1) TFSA contribution room: trust, but verify
The TFSA contribution room shown on the CRA website is best thought of as a helpful starting point—not a live scoreboard. In most cases, it reflects your available room as of January 1, 2026, based on TFSA activity the CRA has on file up to December 31, 2024. It does not subtract any contributions (or for redemptions) you make during 2025 itself, and it can lag in capturing last year’s deposits and withdrawals until sometime this upcoming Spring.
Each January 1, the government adds the new annual limit (for 2026, that’s $7,000), but the CRA’s posted number will still ignore everything you contributed or redeemed during 2025 until those figures are processed. In other words: trust, but verify because the CRA’s number is more of a rearview mirror than a real-time GPS. If you rely on it blindly, you run the risk of over-contributing and earning yourself an annoying letter from Ottawa.
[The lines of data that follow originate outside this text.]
lemma numeraire_family_determines_valuation_measure:
  assumes NC: "numeraire_consistent d T F S Q"
  shows "\<exists>!Qb. valuation_measure d T F S Qb \<and> equiv_sum d T F Q Qb \<and>
    (\<forall>r\<in>{0..T}. \<forall>C\<in>claims d T F S. (\<forall>i\<in>{1..d}. L1_nn (Q i) (\<lambda>w. C w i)) \<longrightarrow>
      star_identity d T F S Q Qb r C)"
proof -
  have Qb: "prob_on T F (basket_mixture Q)" using prob_on_basket_mixture[OF NC] .
  have CN: "change_of_numeraire Q (basket_mixture Q)" using change_of_numeraire_basket_mixture[OF NC] .
  have "Q i = density (basket_mixture Q) (basket_density i)" if "i \<in> {1..d}" for i
    using change_of_numeraire_eq_density[OF Qb numeraire_consistent_prob_on[OF NC that] CN that] .
  then show ?thesis
    using valuation_measure_basket_mixture[OF NC] change_of_numeraire_equiv_sum[OF Qb CN]
      star_identity_change_of_numeraire[OF valuation_measure_basket_mixture[OF NC]]
      basket_mixture_eq_of_star_identity[OF _ NC] valuation_measure_def
    by (intro ex1I[of _ "basket_mixture Q"]) blast+
qed

end

theorem mainTheorem2:
  fixes d :: nat and T :: real and F :: "real \<Rightarrow> 'a measure"
    and S :: "real \<Rightarrow> 'a \<Rightarrow> nat \<Rightarrow> nat \<Rightarrow> ennreal"
  assumes d: "d \<ge> 1"
    and filt: "filtration T F"
    and proc: "exchange_process d T F S"
    and act0: "\<forall>w\<in>space (F T). active d S 0 w = {1..d}"
  shows
    "(\<forall>Qb. valuation_measure d T F S Qb \<longrightarrow>
        (\<exists>Q. numeraire_consistent d T F S Q \<and> equiv_sum d T F Q Qb \<and>
             (\<forall>r\<in>{0..T}. \<forall>C\<in>claims d T F S. L1_nn Qb (claim_bar d T S C) \<longrightarrow>
                 star_identity d T F S Q Qb r C) \<and>
             (\<forall>Q'. numeraire_consistent d T F S Q' \<and> equiv_sum d T F Q' Qb \<and>
                 (\<forall>r\<in>{0..T}. \<forall>C\<in>claims d T F S. L1_nn Qb (claim_bar d T S C) \<longrightarrow>
                     star_identity d T F S Q' Qb r C)
               \<longrightarrow> (\<forall>i\<in>{1..d}. Q' i = Q i))))
   \<and> (\<forall>Q. numeraire_consistent d T F S Q \<longrightarrow>
        (\<exists>!Qb. valuation_measure d T F S Qb \<and> equiv_sum d T F Q Qb \<and>
             (\<forall>r\<in>{0..T}. \<forall>C\<in>claims d T F S. (\<forall>i\<in>{1..d}. L1_nn (Q i) (\<lambda>w. C w i)) \<longrightarrow>
                 star_identity d T F S Q Qb r C)))
   \<and> (\<forall>Qb Q r C i. valuation_measure d T F S Qb \<and>
        numeraire_consistent d T F S Q \<and> equiv_sum d T F Q Qb \<and>
        (\<forall>r\<in>{0..T}. \<forall>C\<in>claims d T F S. L1_nn Qb (claim_bar d T S C) \<longrightarrow>
            star_identity d T F S Q Qb r C) \<and>
        r \<in> {0..T} \<and> C \<in> claims d T F S \<and> i \<in> {1..d} \<and>
        (AE w in Qb. claim_bar d T S C w =
            claim_bar d T S C w * indicator {x. i \<in> active d S T x} w) \<and>
        L1_nn Qb (claim_bar d T S C)
      \<longrightarrow> (AE w in Qb. nn_cond_exp Qb (F r) (claim_bar d T S C) w =
            ennreal (basket d S i r w) * nn_cond_exp (Q i) (F r) (\<lambda>x. C x i) w))"
proof -
  interpret exchange_market d T F S using assms by unfold_locales
  show ?thesis
    using valuation_measure_determines_numeraire_family numeraire_family_determines_valuation_measure
      nn_cond_exp_claim_on_currency
    by blast
qed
2) CRM3: a quiet win for everyday investors
The Client Relationship Model Phase 3 (CRM3) is the latest step in a long-running effort by Canadian regulators to make investing clearer and fairer for everyday investors. Earlier reforms—CRM1 and CRM2—improved transparency around advisor relationships, fees, and performance reporting. CRM3 builds on that foundation by requiring banks, fund companies and other firms to show the total cost of owning your investments in plain dollar terms, including not only what you pay directly to us, but also the embedded costs inside investment funds, such as management and trading fees.
For investors, this is a meaningful win. When your annual investment reports begin reflecting CRM3 next January, you will see what your investments truly cost you all-in. That clarity makes it easier to assess whether you are getting good value, compare your options more intelligently, and have better conversations with us. We fully support these reforms–people deserve full transparency when making financial decisions. Just as CRM1 and CRM2 improved trust and understanding, CRM3 moves the system closer to an investor-friendly marketplace.
3) Long-term equity returns: a reality check after three great years
One of the things I find most helpful in CI Global Asset Management’s new long-term capital market assumptions, (read it here: CI GAM 2026 Outlook,) is how clearly they explain why future equity returns, such as your expected 10 year average, are expected to be strong, but lower: not because the world is falling apart, but because the last few years were unusually strong. After a powerful rebound and three years of outsized gains—especially in U.S. large cap equities—markets are now starting from much higher valuation levels than normal. When you begin at elevated prices, the math of long-term investing changes. Even if companies keep growing and the economy remains healthy, future returns tend to be more modest simply because there’s less “valuation upside” left.
What I like about this framework is that it resets expectations in a rational way. CI lowered long-term return assumptions for U.S., Canadian, and European equities primarily because starting valuations are high—not because they expect weaker economic growth or a broken system. In fact, as per the table below, they still assume stable long-term global growth, productivity gains from technology and AI, and inflation near central-bank targets. What’s changed isn’t the economic engine—it’s the price investors are paying for future earnings. That’s a normal and healthy recalibration after an exceptional run, not a bearish signal.

And this is where behavioural finance matters. After three very strong years, it’s easy to fall into recency bias and assume high returns are the new normal. It’s also a classic case of extrapolation error—projecting recent performance too far into the future. Lower long-term return forecasts aren’t a warning sign; they’re a reality check. They help anchor expectations back to something sustainable and reinforce why disciplined diversification, patience, and realistic planning matter more than ever.